Can Some Foods Reduce the Risk of Cancer? Which ones do experts recommend?

By | November 27, 2023

According to the American Cancer Society, on average, more than one in three people in the United States will develop cancer at some point in their lives. And they say many of these cases are potentially preventable, including making changes to your diet.

Scientists have a good idea of ​​which foods you should avoid to reduce your risk of cancer, such as red and processed meats, “fast” or processed foods, alcohol and sugary drinks. But knowing what with Eating isn’t always simple, said Johanna Lampe, a cancer prevention researcher at the Fred Hutchinson Cancer Center in Seattle.

Dr. Many nutrition studies rely on people accurately remembering what they consumed up to a year ago, Lampe said. It’s hard to understand how foods alone can affect your health when they’re part of a larger diet, he said, adding that your lifestyle, environment, hormones and genes may also play a role.

Nigel Brockton, vice president of research at the American Institute for Cancer Research in Washington, D.C., said no food alone can prevent cancer. But following a healthy diet seems to reduce the risk, he said.

Here are some foods that experts say are worth adding to your plate.

Dr. Cruciferous vegetables like broccoli, brussels sprouts, cauliflower and cabbage are rich sources of isothiocyanates, plant compounds that help our cells clear toxins and repair themselves and are crucial for cancer prevention, Lampe said.

He added that broccoli sprouts, for example, are rich in the isothiocyanate sulforaphane, which can strengthen our body’s natural defenses against daily damage to cells. The compound has been associated with protection against several types of cancer, including prostate, breast, bladder and colorectal cancer.

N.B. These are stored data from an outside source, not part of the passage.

section \<open>The product algebra\<close>

locale epistemic_product = epistemic_heyting A for A :: "('a, 'i) mha" +
  fixes E :: "'e set" and sim :: "'i \<Rightarrow> 'e \<Rightarrow> 'e \<Rightarrow> bool"
  assumes finite_E: "finite E"
    and sim_refl: "e \<in> E \<Longrightarrow> sim i e e"
    and sim_sym: "e \<in> E \<Longrightarrow> e' \<in> E \<Longrightarrow> sim i e e' \<Longrightarrow> sim i e' e"
    and sim_trans: "e \<in> E \<Longrightarrow> e' \<in> E \<Longrightarrow> e'' \<in> E \<Longrightarrow> sim i e e' \<Longrightarrow> sim i e' e'' \<Longrightarrow> sim i e e''"
begin

abbreviation A' where "A' \<equiv> inter_alg A E sim"

definition prod_dia :: "'i \<Rightarrow> ('e \<Rightarrow> 'a) \<Rightarrow> 'e \<Rightarrow> 'a" where
  "prod_dia i f e = bigjoin A {dia i (f e') | e'. e' \<in> E \<and> sim i e' e}"

definition prod_box :: "'i \<Rightarrow> ('e \<Rightarrow> 'a) \<Rightarrow> 'e \<Rightarrow> 'a" where
  "prod_box i f e = bigmeet A {box i (f e') | e'. e' \<in> E \<and> sim i e' e}"

lemma inter_alg_simps:
  "hcar A' = PiE E (\<lambda>_. carrier)"
  "hle A' f g \<longleftrightarrow> (\<forall>e\<in>E. f e \<preceq> g e)"
  "hmeet A' f g = restrict (\<lambda>e. f e \<^bold>\<sqinter> g e) E"
  "hjoin A' f g = restrict (\<lambda>e. f e \<^bold>\<squnion> g e) E"
  "himp A' f g = restrict (\<lambda>e. f e \<^bold>\<rightarrow> g e) E"
  "hbot A' = restrict (\<lambda>e. \<^bold>\<bottom>) E"
  "htop A' = restrict (\<lambda>e. \<^bold>\<top>) E"
  "hdia A' i f = restrict (prod_dia i f) E"
  "hbox A' i f = restrict (prod_box i f) E"
  unfolding inter_alg_def prod_dia_def prod_box_def by (simp_all add: restrict_def)

lemma Pi_carrier [simp]: "f \<in> E \<rightarrow> carrier \<Longrightarrow> e \<in> E \<Longrightarrow> f e \<in> carrier"
  by blast

lemma PiE_carrier [simp]: "f \<in> PiE E (\<lambda>_. carrier) \<Longrightarrow> e \<in> E \<Longrightarrow> f e \<in> carrier"
  by blast

lemma finite_class_image: "finite {g e' | e'. e' \<in> E \<and> sim i e' e}"
proof -
  have "{g e' | e'. e' \<in> E \<and> sim i e' e} = g ` {e'\<in>E. sim i e' e}" by auto
  then show ?thesis using finite_E by simp
qed

lemma
  assumes "f \<in> E \<rightarrow> carrier" "e \<in> E"
  shows prod_dia_closed: "prod_dia i f e \<in> carrier"
    and prod_dia_upper: "e' \<in> E \<Longrightarrow> sim i e' e \<Longrightarrow> dia i (f e') \<preceq> prod_dia i f e"
    and prod_dia_least:
      "y \<in> carrier \<Longrightarrow> (\<And>e'. e' \<in> E \<Longrightarrow> sim i e' e \<Longrightarrow> dia i (f e') \<preceq> y) \<Longrightarrow> prod_dia i f e \<preceq> y"
proof -
  have S: "{dia i (f e') | e'. e' \<in> E \<and> sim i e' e} \<subseteq> carrier"
    using assms by auto
  show "prod_dia i f e \<in> carrier" "e' \<in> E \<Longrightarrow> sim i e' e \<Longrightarrow> dia i (f e') \<preceq> prod_dia i f e"
    "y \<in> carrier \<Longrightarrow> (\<And>e'. e' \<in> E \<Longrightarrow> sim i e' e \<Longrightarrow> dia i (f e') \<preceq> y) \<Longrightarrow> prod_dia i f e \<preceq> y"
    unfolding prod_dia_def using bigjoin_closed[OF finite_class_image S]
      bigjoin_upper[OF finite_class_image S] bigjoin_least[OF finite_class_image S] by blast+
qed

lemma
  assumes "f \<in> E \<rightarrow> carrier" "e \<in> E"
  shows prod_box_closed: "prod_box i f e \<in> carrier"
    and prod_box_lower: "e' \<in> E \<Longrightarrow> sim i e' e \<Longrightarrow> prod_box i f e \<preceq> box i (f e')"
    and prod_box_greatest:
      "y \<in> carrier \<Longrightarrow> (\<And>e'. e' \<in> E \<Longrightarrow> sim i e' e \<Longrightarrow> y \<preceq> box i (f e')) \<Longrightarrow> y \<preceq> prod_box i f e"
proof -
  have S: "{box i (f e') | e'. e' \<in> E \<and> sim i e' e} \<subseteq> carrier"
    using assms by auto
  show "prod_box i f e \<in> carrier" "e' \<in> E \<Longrightarrow> sim i e' e \<Longrightarrow> prod_box i f e \<preceq> box i (f e')"
    "y \<in> carrier \<Longrightarrow> (\<And>e'. e' \<in> E \<Longrightarrow> sim i e' e \<Longrightarrow> y \<preceq> box i (f e')) \<Longrightarrow> y \<preceq> prod_box i f e"
    unfolding prod_box_def using bigmeet_closed[OF finite_class_image S]
      bigmeet_lower[OF finite_class_image S] bigmeet_greatest[OF finite_class_image S] by blast+
qed

lemma prod_dia_restrict [simp]: "prod_dia i (restrict f E) e = prod_dia i f e"
  unfolding prod_dia_def by (rule arg_cong[where f = "bigjoin A"]) force

lemma prod_box_restrict [simp]: "prod_box i (restrict f E) e = prod_box i f e"
  unfolding prod_box_def by (rule arg_cong[where f = "bigmeet A"]) force

lemma prod_dia_sim: "e \<in> E \<Longrightarrow> e' \<in> E \<Longrightarrow> sim i e e' \<Longrightarrow> prod_dia i f e = prod_dia i f e'"
  unfolding prod_dia_def using sim_trans sim_sym by metis

lemma heyting_inter_alg: "heyting_algebra A'"
  unfolding heyting_algebra_def inter_alg_simps
proof (intro conjI ballI impI)
  fix x y assume "x \<in> PiE E (\<lambda>_. carrier)" "y \<in> PiE E (\<lambda>_. carrier)"
    "(\<forall>e\<in>E. x e \<preceq> y e) \<and> (\<forall>e\<in>E. y e \<preceq> x e)"
  then show "x = y" by (intro PiE_ext[of x E "\<lambda>_. carrier" y]) (auto intro: le_antisym)
next
  fix x y z e assume "x \<in> PiE E (\<lambda>_. carrier)" "y \<in> PiE E (\<lambda>_. carrier)" "z \<in> PiE E (\<lambda>_. carrier)"
    "(\<forall>e\<in>E. x e \<preceq> y e) \<and> (\<forall>e\<in>E. y e \<preceq> z e)" "e \<in> E"
  then show "x e \<preceq> z e" using le_trans[of "x e" "y e" "z e"] by blast
next
  fix x y z assume "x \<in> PiE E (\<lambda>_. carrier)" "y \<in> PiE E (\<lambda>_. carrier)" "z \<in> PiE E (\<lambda>_. carrier)"
  then show "(\<forall>e\<in>E. restrict (\<lambda>e. z e \<^bold>\<sqinter> x e) E e \<preceq> y e) =
             (\<forall>e\<in>E. z e \<preceq> restrict (\<lambda>e. x e \<^bold>\<rightarrow> y e) E e)"
    by (simp add: le_imp_iff)
qed (auto intro: meet_le1I meet_le2I)

text \<open>Each component of \<open>\<diamond>'\<^sub>i f\<close> is a join of \<open>\<diamond>\<^sub>i\<close>-values, each of which lies below the
  \<open>\<box>\<^sub>i\<close> of itself (\<open>\<diamond>a \<preceq> \<box>\<diamond>a\<close>), hence below the \<open>\<box>\<^sub>i\<close> of the join.\<close>

lemma prod_dia_le_box:
  assumes f: "f \<in> E \<rightarrow> carrier" and e: "e \<in> E"
  shows "prod_dia i f e \<preceq> box i (prod_dia i f e)"
proof (rule prod_dia_least[OF f e])
  fix e' assume e': "e' \<in> E" "sim i e' e"
  have "dia i (f e') \<preceq> box i (dia i (f e'))"
    using dia_le_box_dia f e' by auto
  moreover have "box i (dia i (f e')) \<preceq> box i (prod_dia i f e)"
    using box_mono prod_dia_upper[OF f e e'] prod_dia_closed[OF f e] f e' by simp
  ultimately show "dia i (f e') \<preceq> box i (prod_dia i f e)"
    using le_trans[of "dia i (f e')" "box i (dia i (f e'))" "box i (prod_dia i f e)"]
      f e' prod_dia_closed[OF f e] by simp
qed (use prod_dia_closed[OF f e] in simp)

lemma prod_dia_dia_closed:
  assumes f: "f \<in> E \<rightarrow> carrier" and e: "e \<in> E"
  shows "dia i (prod_dia i f e) = prod_dia i f e"
proof -
  let ?d = "prod_dia i f e"
  have d: "?d \<in> carrier" using prod_dia_closed[OF f e] .
  have "dia i ?d \<preceq> dia i (box i ?d)"
    using dia_mono prod_dia_le_box[OF f e] d by simp
  then have "dia i ?d \<preceq> box i ?d"
    using dia_box_le_box d le_trans by (meson box_closed dia_closed)
  then have "dia i ?d \<preceq> ?d"
    using box_le d le_trans by (meson box_closed dia_closed)
  then show ?thesis
    using le_dia d le_antisym by simp
qed

lemma prod_dia_Pi [simp]: "f \<in> E \<rightarrow> carrier \<Longrightarrow> prod_dia i f \<in> E \<rightarrow> carrier"
  using prod_dia_closed by blast

context
  fixes f :: "'e \<Rightarrow> 'a" and e :: 'e
  assumes f: "f \<in> E \<rightarrow> carrier" and e: "e \<in> E"
begin

lemma prod_le_dia: "f e \<preceq> prod_dia i f e"
  using le_trans[OF le_dia prod_dia_upper[OF f e e sim_refl[OF e]]] f e prod_dia_closed[OF f e]
  by simp

lemma prod_box_le: "prod_box i f e \<preceq> f e"
  using le_trans[OF prod_box_lower[OF f e e sim_refl[OF e]] box_le] f e prod_box_closed[OF f e]
  by simp

lemma prod_dia_le_box_dia: "prod_dia i f e \<preceq> prod_box i (prod_dia i f) e"
proof (rule prod_box_greatest)
  fix e' assume "e' \<in> E" "sim i e' e"
  then show "prod_dia i f e \<preceq> box i (prod_dia i f e')"
    using prod_dia_le_box[OF f e] prod_dia_sim[OF _ e] by (metis sim_sym e)
qed (use f e prod_dia_closed in auto)

lemma prod_dia_box_le_box: "prod_dia i (prod_box i f) e \<preceq> prod_box i f e"
proof (rule prod_dia_least)
  fix e' assume e': "e' \<in> E" "sim i e' e"
  show "dia i (prod_box i f e') \<preceq> prod_box i f e"
  proof (rule prod_box_greatest[OF f e])
    fix e'' assume e'': "e'' \<in> E" "sim i e'' e"
    have "sim i e'' e'" using sim_trans[OF e''(1) e e'(1) e''(2) sim_sym[OF e'(1) e e'(2)]] .
    then have "prod_box i f e' \<preceq> box i (f e'')"
      using prod_box_lower[OF f e'(1) e''(1)] by simp
    then have "dia i (prod_box i f e') \<preceq> dia i (box i (f e''))"
      using dia_mono prod_box_closed[OF f e'(1)] f e'' by simp
    then show "dia i (prod_box i f e') \<preceq> box i (f e'')"
      using le_trans[of _ "dia i (box i (f e''))" "box i (f e'')"] dia_box_le_box[of "f e''" i]
        prod_box_closed[OF f e'(1)] f e'' by simp
  qed (use prod_box_closed[OF f e'(1)] in simp)
qed (use f e prod_box_closed in auto)

end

Research shows that consuming more than four or five servings of cruciferous vegetables per week is associated with a reduced risk of cancer and other chronic conditions.

Research shows that tomatoes have long been linked to a reduced risk of prostate cancer, thanks to their abundant stores of lycopene, a powerful antioxidant that gives tomatoes their red color.

But Nancy Moran, an assistant professor of nutrition at Baylor College of Medicine in Houston, said lycopene may be just one of many compounds in tomatoes that help defend against prostate cancer. Limited research has found that lycopene may also protect against other cancers, such as breast, lung, and colorectal.

Dr. Processing tomatoes by cutting or cooking them helps us absorb lycopene more easily than eating them raw, Moran said. It is also beneficial to consume tomatoes with oil. So eating them cooked with sauce or a healthy oil like olive oil can help increase the health benefits you get from them.

Common types of beans, such as black and kidney beans, and legumes, such as chickpeas, dried peas, and lentils, are not only high in protein. Dr. They are also great sources of fiber, which is crucial for gut and immune health, Brockton said.

Fiber is also linked to the prevention of colorectal cancer. Dr. Bacteria in our gut turn fiber into fuel for the cells lining the colon, keeping them healthy and less likely to turn into cancer cells, Brockton said.

Henry Thompson, director of the Cancer Prevention Laboratory at Colorado State University, said that in animal and human studies, consumption of beans (and other legumes such as chickpeas and lentils) has been linked to preventing obesity, which in turn is linked to several factors. cancers. An ongoing human clinical trial is testing whether eating canned beans reduces the risk of cancer.

Dr. The protective benefits of fiber appear after eating about 30 grams per day (or about the amount in two cups of black beans), according to Brockton.

Tree nuts are rich in healthy fats, protein and fiber, and studies have found that those who consume them have a reduced risk of various types of cancer, especially those of the digestive system.

Walnuts, in particular, contain extremely high levels of plant compounds called ellagitannins, which are converted by our gut bacteria into metabolites that can reduce cancer’s ability to grow and multiply.

Dr. Gastroenterologist, who performed colonoscopy for humans in clinical studies investigating the benefits of walnuts for colon health at UConn Health. John Birk said the “walnut colon” was easy to spot. The lining of the colon wall “has a healthier appearance, kind of a bright reflection of the light shining on it from the endoscope,” he said.

Research shows that eating a handful of nuts a day is linked to health benefits.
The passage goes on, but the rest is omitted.